Is it possible to retrieve pm.Data by column names?

I have read through a few posts, the docs, and the example notebook on how to use pm.Data() to store variables that can later be reset to new data to make subsequent predictions.

Is it possible to set an entire pd.DataFrame and later call individual variables by their column name?

I’ve been testing setting coords and dims, which seem to show up in arviz inferenceData, but I can’t seem to figure out how to call them inside the model with the aesara.tensorSharedVariable object.


"""
Build fake data
"""
size = 400 # Start with 200 data points
true_intercept = 1 # This would be unknown in the real world
slope = 2 # This would be unknown in the real world
x  = np.linspace(0, 1, size)

# y = m * x + b
true_regression_line = true_intercept + slope * x

# add 0.5 noise to test the model and show how Baysian regression will also find the noise level. 
y = true_regression_line + rng.normal(scale=0.5, size=size)
data = pd.DataFrame(dict(x=x, y=y))


coords = {'index': data.index, 'columns': data.columns}
with pm.Model(coords=coords) as model:  # model specifications in PyMC3 are wrapped in a with-statement
    
    #option one - tried this
    #shared = pm.Data("shared", data, export_index_as_coords=True)
    
    #option two
    shared = pm.Data("shared", data, dims=("x", "y"))

    # Define priors
    sigma = pm.HalfCauchy("sigma", beta=1, testval=1.0)
    intercept = pm.Normal("Intercept", 0, sigma=10)
    x_coeff = pm.Normal("x", 0, sigma=3)


    # Define likelihood
    likelihood = pm.Normal("y", 
                           mu=intercept + x_coeff * shared["x"], # <--Something like this?
                           sigma=sigma, 
                           observed= shared["y"] # <-- and Something like this?
                           )

    idata = pm.sample(1000, return_inferencedata=True)
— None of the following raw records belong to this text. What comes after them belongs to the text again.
lemma admissible_contraction_outside_image:
  assumes H: "multigraph H" and G: "multigraph G" and cm: "completely_multipartite G"
    and sv: "submultigraph_via H G \<phi> \<psi>" and wt: "\<forall>v\<in>verts G. 2 \<le> wt G v"
    and independence_bound: "\<forall>S. independent_set H S \<longrightarrow> int (card S) \<le> int (card (verts H)) - 4"
    and u: "u \<in> verts G" "u \<notin> \<phi> ` verts H"
  obtains G' where "adm_contraction G G'" "multigraph G'" "completely_multipartite G'"
    "submultigraph_via H G' \<phi> \<psi>" "\<forall>v\<in>verts G'. 2 \<le> wt G' v" "verts G' = verts G - {u}"
proof -
  note deg_bound = deg_ge_edges_between_add_4[OF H G cm sv independence_bound]
  obtain N where N: "N \<subseteq> \<phi> ` verts H" "finite N" "4 \<le> card N" "u \<notin> N" "\<forall>y\<in>N. adjacent G u y"
    using four_neighbours_in_image[OF H G cm sv independence_bound u(1)] .
  then obtain x where x: "x \<in> N" by fastforce
  have xG: "x \<in> verts G" using x N(1) submultigraph_via_image_subset[OF sv] by blast
  have "x \<noteq> u" using x N(4) by blast
  have adj: "adjacent G x u" using N(5) x adjacent_commute[of G u x] by blast
  define m where "m = card (edges_between G x u)"
  have "finite (edges_between G x u)" using G unfolding multigraph_def edges_between_def by simp
  with adj have "0 < m" unfolding m_def adjacent_def by (simp add: card_gt_0_iff)
  have "3 \<le> card (N - {x})" using N(2,3) x by (simp add: card_Diff_singleton)
  moreover have "card (edges_between G u x) + card (N - {x}) \<le> deg G u"
    using N x by (intro card_edges_between_add_card_neighbours_le_deg[OF G]) auto
  ultimately have "m + 3 \<le> deg G u" unfolding m_def edges_between_commute[of G x u] by linarith
  moreover have "m + 3 \<le> deg G x" using deg_bound[OF xG u(2)] unfolding m_def by simp
  moreover have "\<forall>y\<in>verts G. y \<notin> {x, u} \<longrightarrow> 3 \<le> deg G y" using deg_bound[OF _ u(2)] by fastforce
  moreover have wxu: "1 \<le> wt G x" "2 \<le> wt G u" using wt xG u(1) by auto
  ultimately have "admissible_labeled G x u"
    using \<open>0 < m\<close> unfolding m_def by (intro admissible_labeled_with_zero)
  then have "adm_contraction G (contract G x u)"
    unfolding adm_contraction_def admissible_pair_def using xG u(1) \<open>x \<noteq> u\<close> adj by blast
  moreover have "\<forall>v\<in>verts (contract G x u). 2 \<le> wt (contract G x u) v"
  proof
    fix v assume "v \<in> verts (contract G x u)"
    with wt wxu show "2 \<le> wt (contract G x u) v"
      unfolding contract_simps by (cases "v = x") auto
  qed
  moreover have "0 \<le> wt G u" using wxu by simp
  ultimately show ?thesis
    using multigraph_contract[OF G xG \<open>x \<noteq> u\<close>]
      completely_multipartite_contract[OF cm adj xG u(1) \<open>x \<noteq> u\<close>]
      submultigraph_via_contract[OF sv H u(2)]
    by (intro that[of "contract G x u"]) (simp_all add: contract_simps(1))
qed

lemma spanning_submultigraph_if_image_covers:
  assumes "submultigraph_via H G \<phi> \<psi>" "verts G \<subseteq> \<phi> ` verts H"
  shows "spanning_submultigraph H G"
  using assms unfolding spanning_submultigraph_def submultigraph_via_def bij_betw_def
  by (metis subset_antisym)

lemma adm_contractions_to_spanning:
  assumes H: "multigraph H"
    and independence_bound: "\<forall>S. independent_set H S \<longrightarrow> int (card S) \<le> int (card (verts H)) - 4"
    and "multigraph G" "completely_multipartite G" "submultigraph_via H G \<phi> \<psi>"
    "\<forall>v\<in>verts G. 2 \<le> wt G v"
  shows "\<exists>G'. adm_contraction\<^sup>*\<^sup>* G G' \<and> spanning_submultigraph H G'"
  using assms(3-)
proof (induction "card (verts G - \<phi> ` verts H)" arbitrary: G rule: less_induct)
  case (less G)
  show ?case
  proof (cases "verts G \<subseteq> \<phi> ` verts H")
    case True
    then show ?thesis using less.prems spanning_submultigraph_if_image_covers by blast
  next
    case False
    then obtain u where u: "u \<in> verts G" "u \<notin> \<phi> ` verts H" by blast
    obtain G1 where G1: "adm_contraction G G1" "multigraph G1" "completely_multipartite G1"
      "submultigraph_via H G1 \<phi> \<psi>" "\<forall>v\<in>verts G1. 2 \<le> wt G1 v" "verts G1 = verts G - {u}"
      using admissible_contraction_outside_image[OF H less.prems independence_bound u] .
    have "verts G1 - \<phi> ` verts H = (verts G - \<phi> ` verts H) - {u}" using G1(6) by blast
    moreover have "finite (verts G - \<phi> ` verts H)" using less.prems(1) unfolding multigraph_def by blast
    ultimately have "card (verts G1 - \<phi> ` verts H) < card (verts G - \<phi> ` verts H)"
      using u card_Diff1_less by fastforce
    then show ?thesis using less.hyps G1 by (meson converse_rtranclp_into_rtranclp)
  qed
qed

theorem lemma3p6:
  fixes G :: "('v, 'e) vwmg" and H :: "('a, 'b) vwmg"
  assumes "multigraph G" and "multigraph H"
    and "submultigraph H G"
    and "completely_multipartite G"
    and "\<forall>v\<in>verts G. wt G v \<ge> 2"
    and "\<forall>S. independent_set H S \<longrightarrow> int (card S) \<le> int (card (verts H)) - 4"
  shows "\<exists>G'. adm_contraction\<^sup>*\<^sup>* G G' \<and> spanning_submultigraph H G'"
proof -
  obtain \<phi> \<psi> where "submultigraph_via H G \<phi> \<psi>"
    using assms(3) unfolding submultigraph_def by blast
  then show ?thesis using adm_contractions_to_spanning[OF assms(2,6,1,4)] assms(5) by blast
qed

end
(* Let $X$ be a real Hilbert space, let $U,V$ be closed affine subspaces of $X$, let $T:=T_{U,V}$, $v:=P_{\overline{\operatorname{ran}}(\mathrm{Id}-T)}0$, and assume $v\in\operatorname{ran}(\mathrm{Id}-T)$. Then: (i) $T$ is affine and $T=\mathrm{Id}-P_U-P_V+2P_VP_U$; (ii) $v\in(\operatorname{par}U)^\perp\cap(\operatorname{par}V)^\perp$; (iii) for all $x\in X$, $\alpha\in\mathbb R$: $P_Ux=P_U(x+\alpha v)$; (iv) for all $x\in X$, $\alpha\in\mathbb R$: $P_Vx=P_V(x+\alpha v)$; (v) $T_{-v}=v+T=T_{(N_U,N_V(\cdot-v))}=T_{U,v+V}$; (vi) $Z_v=U\cap(v+V)$; (vii) $K_v=(\operatorname{par}U)^\perp\cap(\operatorname{par}V)^\perp$; (viii) $\operatorname{Fix}(T_{-v})=\operatorname{Fix}(v+T)=Z_v+K_v=(U\cap(v+V))+((\operatorname{par}U)^\perp\cap(\operatorname{par}V)^\perp)$.
   Context: For nonempty closed convex $U,V$, $T_{U,V}:=\mathrm{Id}-P_U+P_V(2P_U-\mathrm{Id})$ is the Douglas–Rachford operator $T_{(N_U,N_V)}$, where for maximally monotone $A,B$, $T_{(A,B)}:=\mathrm{Id}-J_A+J_B(2J_A-\mathrm{Id})$ with $J_A=(\mathrm{Id}+A)^{-1}$. Here $v=P_{\overline{U-V}}0$. $\operatorname{par}U:=U-U$. $T_{-v}x:=T(x+v)$, $(v+T)x:=v+Tx$. For $C^\vee:=(-\mathrm{Id})\circ C\circ(-\mathrm{Id})$ and $C^{-\vee}:=(C^{-1})^\vee$, with $A=N_U$, $B=N_V$: $Z_v:=((-v+A)+B(\cdot-v))^{-1}(0)$ (normal solutions) and $K_v:=((-v+A)^{-1}+(B(\cdot-v))^{-\vee})^{-1}(0)$ (dual normal solutions). *)

theory Defs
  imports "HOL-Analysis.Analysis"
begin

text \<open>Metric projection onto a set (in a real Hilbert space, onto a nonempty closed
convex set the nearest point exists and is unique).\<close>
definition proj :: "'a::real_inner set \<Rightarrow> 'a \<Rightarrow> 'a" where
  "proj S x = (SOME p. p \<in> S \<and> (\<forall>y\<in>S. dist x p \<le> dist x y))"

type_synonym 'a opr = "'a \<Rightarrow> 'a set"

definition normal_cone :: "'a::real_inner set \<Rightarrow> 'a opr" where
  "normal_cone C x = (if x \<in> C then {u. \<forall>c\<in>C. inner u (c - x) \<le> 0} else {})"

definition op_inv :: "'a opr \<Rightarrow> 'a opr" where
  "op_inv A y = {x. y \<in> A x}"

definition op_sum :: "'a::ab_group_add opr \<Rightarrow> 'a opr \<Rightarrow> 'a opr" where
  "op_sum A B x = {a + b | a b. a \<in> A x \<and> b \<in> B x}"

definition op_trans :: "'a::ab_group_add \<Rightarrow> 'a opr \<Rightarrow> 'a opr" where
  "op_trans w A x = (\<lambda>a. w + a) ` A x"

definition op_shift :: "'a opr \<Rightarrow> 'a::ab_group_add \<Rightarrow> 'a opr" where
  "op_shift A w x = A (x - w)"

definition op_vee :: "'a::ab_group_add opr \<Rightarrow> 'a opr" where
  "op_vee C x = uminus ` C (- x)"

text \<open>Resolvent J_A = (Id + A)^{-1}, single-valued for maximally monotone A.\<close>
definition resolvent :: "'a::real_vector opr \<Rightarrow> 'a \<Rightarrow> 'a" where
  "resolvent A x = (THE y. x - y \<in> A y)"

definition DR_op :: "'a::real_vector opr \<Rightarrow> 'a opr \<Rightarrow> 'a \<Rightarrow> 'a" where
  "DR_op A B x = x - resolvent A x + resolvent B (2 *\<^sub>R resolvent A x - x)"

definition DR :: "'a::real_inner set \<Rightarrow> 'a set \<Rightarrow> 'a \<Rightarrow> 'a" where
  "DR U V x = x - proj U x + proj V (2 *\<^sub>R proj U x - x)"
I am able to get several columns like this, but it’s not ideal for future adaptability:

shared = pm.Data("shared", data, dims=("x", "y"))

x = shared.get_value()[:,0]

y = shared.get_value()[:,1]

The doc string on pm.Data leads me to believe I should be able to do this, but pointing me to the Arviz QuickStart guide didn’t exactly shed any light on how:

value : array_like or pandas.Series, pandas.Dataframe
        A value to associate with this variable.
dims : str or tuple of str, optional
        Dimension names of the random variables (as opposed to the shapes of these
        random variables). Use this when ``value`` is a pandas Series or DataFrame. The
        ``dims`` will then be the name of the Series / DataFrame's columns. See ArviZ
        documentation for more information about dimensions and coordinates:
        :ref:`arviz:quickstart`.
        If this parameter is not specified, the random variables will not have dimension
        names.
export_index_as_coords : bool, default=False
        If True, the ``Data`` container will try to infer what the coordinates should be
        if there is an index in ``value``.

Perhaps someone can point me to the right docs

PyMC = 4.0.0b5 // Aesara = 2.5.1 // Arviz = 0.12.0

Thanks for any insight you might be able to share.

There’s no current functionality to do that. Aesara shared variables must get numpy arrays as inputs.

2 Likes

Thanks for the quick follow up!